Taichi11/sft_v7_dpo_v2_merged
Taichi11/sft_v7_dpo_v2_merged is a 4 billion parameter language model fine-tuned by Taichi11 using Direct Preference Optimization (DPO) on the Taichi11/LLM_main_v7_merged base model. Optimized for improved reasoning through Chain-of-Thought and enhanced structured response quality, this model is designed for applications requiring precise and well-organized outputs. It offers a 32768 token context length and is provided with full-merged 16-bit weights for direct use without adapter loading.
Loading preview...
Overview
Taichi11/sft_v7_dpo_v2_merged is a 4 billion parameter language model developed by Taichi11, built upon the Taichi11/LLM_main_v7_merged base model. It has been fine-tuned using Direct Preference Optimization (DPO) via the Unsloth library, with its full-merged 16-bit weights available directly, eliminating the need for adapter loading.
Key Capabilities
- Enhanced Reasoning: Optimized to improve Chain-of-Thought reasoning abilities.

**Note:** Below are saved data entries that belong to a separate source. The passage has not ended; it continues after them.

lemma coupling_filter_adjacent_xx:
  assumes i: "1 \<le> i" "i < M"
  shows "coupling_filter N M j k (kron (1\<^sub>m N) (sigma_word (pair_word M (i - 1) PX PX))) =
    (if i = j then kron (1\<^sub>m N) (sigma_word (pair_word M (i - 1) PX PX)) else 0\<^sub>m (N * 2 ^ M) (N * 2 ^ M))"
proof -
  let ?w = "pair_word M (i - 1) PX PX"
  have "?w ! q = (if q = i - 1 \<or> q = i then PX else P0)" if "q < M" for q
    using i that by (auto simp: nth_pair_word)
  hence "?w ! (j - 1) \<in> {PX, PY} \<and> ?w ! j \<in> {PX, PY} \<and> ?w ! (k - 1) \<notin> {PX, PY} \<longleftrightarrow>
      j - 1 \<in> {i - 1, i} \<and> j \<in> {i - 1, i} \<and> k - 1 \<notin> {i - 1, i}"
    using j k by simp
  also have "\<dots> \<longleftrightarrow> i = j"
    using i j k by auto
  finally have "?w ! (j - 1) \<in> {PX, PY} \<and> ?w ! j \<in> {PX, PY} \<and> ?w ! (k - 1) \<notin> {PX, PY} \<longleftrightarrow> i = j" .
  thus ?thesis
    using coupling_filter_kron_word[of "1\<^sub>m N" N ?w M j k] j k by simp
qed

- Structured Output Quality: Specifically aligned to produce higher quality structured responses based on preference datasets.
- Direct Use: Provided as a fully merged model, ready for immediate deployment with
transformers.
Good For
- Applications requiring models with improved logical reasoning steps.
- Use cases where generating well-structured and precise outputs is critical.
- Developers seeking a DPO-optimized model for better response alignment without complex setup.
Training Details
The model underwent DPO training for 1 epoch with a learning rate of 1e-07 and a beta value of 0.1. It utilized a maximum sequence length of 1024 during training, with LoRA configurations (r=8, alpha=16) merged into the base model. The training data used was Taichi11/dpo_dataset_v1.